The formula for the next generation $p$ is as following:
$$p_{n}=\frac{p_{n-1}(1-p_{n-1})}{1-{p_{n-1}}^2}$$
I was wondering if there is just a standard formula for $p_n$, because I was asked to calculate the percentage of the $50$th generation. My only conclusion is that I have to enter the value 50 times into the formula, but I don't know if there is a more efficient way to calculate this.
On
Let $p_n = \frac{ p_{n-1}}{1+ mp_{n-1}}$.
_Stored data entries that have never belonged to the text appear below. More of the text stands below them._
(* Under the hypotheses of Theorem 2 (namely: $(x_n)$ real with discrepancy $D_N$, $M_N=\max_{n\le N}nD_n$, $g$ positive monotonically decreasing with $g(N)/D_N\to\infty$, $Ng(N)\to\infty$ and $g\!\left(N\left(1+\frac{M_N}{Ng(N)}\right)\right)/g(N)\to1$), with $z_n$ independent and uniform on $[-g(n),g(n)]$, fix $s>0$ and define for $x\in\mathbb{R}$ $$h_{s,N}(x)=\sum_{n=1}^N\mathbb{P}\big(\|x_n+z_n-x\|<s/N\big).$$ Then $h_{s,N}(x)\to 2s$ as $N\to\infty$, uniformly in $x$.
   Context: $\|y\|$ denotes the distance from $y$ to the nearest integer. The discrepancy of $(x_n)$ is $D_N=\sup_{0\le a\le b\le 1}\left|\frac{\#\{n\le N:\{x_n\}\in[a,b]\}}{N}-(b-a)\right|$, where $\{x\}$ is the fractional part. *)

theory Defs
  imports "HOL-Probability.Probability"
begin

definition dist_int :: "real \<Rightarrow> real" where
  "dist_int y = (INF k::int. \<bar>y - of_int k\<bar>)"

definition discrepancy :: "(nat \<Rightarrow> real) \<Rightarrow> nat \<Rightarrow> real" where
  "discrepancy x N = Sup {\<bar>real (card {n \<in> {1..N}. frac (x n) \<in> {a..b}}) / real N - (b - a)\<bar>
                          | a b. 0 \<le> a \<and> a \<le> b \<and> b \<le> 1}"

definition maxdisc :: "(nat \<Rightarrow> real) \<Rightarrow> nat \<Rightarrow> real" where
  "maxdisc x N = Max {real n * discrepancy x n | n. 1 \<le> n \<and> n \<le> N}"

definition hfun :: "(nat \<Rightarrow> real) \<Rightarrow> (real \<Rightarrow> real) \<Rightarrow> real \<Rightarrow> nat \<Rightarrow> real \<Rightarrow> real" where
  "hfun x g s N y = (\<Sum>n = 1..N.
      measure (uniform_measure lborel {- g (real n) .. g (real n)})
              {z. dist_int (x n + z - y) < s / real N})"

end

theory Submission
  imports Defs
begin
Then for $m=1$ we have the correct formula. However, this gives us
\begin{eqnarray}
p_{n+1} &=& \frac{ p_{n}}{1+ m p_n} \\
&=& \frac{ \frac{p_{n-1}}{1+m p_{n-1}}}{1+ \frac{p_{n-1}}{1+ m p_{n-1}}}\\
&=&\frac{ \frac{p_{n-1}}{1+m p_{n-1}}}{\frac{1 + mp_{n-1}+p_{n-1}}{1+ m p_{n-1}}}\\
&=& \frac{ p_{n-1}}{ 1 + (m+1)p_{n-1}}
\end{eqnarray}
So if we start with $p_2 = \frac{p_1}{1+ p_1}$ we find $p_{50} = \frac{ p_1}{1+49p_1}$.
Assuming $p_{n-1}<1$, a factor of $1-p_{n-1}$ can be pulled out of both the numerator and denominator to get
$$p_n=\frac{p_{n-1}}{1+p_{n-1}} \tag{1}$$
Defining a reciprocal series $q_n=\frac{1}{p_n}$ we get by inverting (1)
$$q_n=q_{n-1}+1 \tag{2}$$
Hence for $k\ge1$ we have by repeated application of (2):
$$q_n=q_{n-k}+k \tag{3}$$
so, for example, $q_{50}=q_0+50$ whence $p_{50}=\left(\frac{1}{p_0}+50\right)^{-1}$.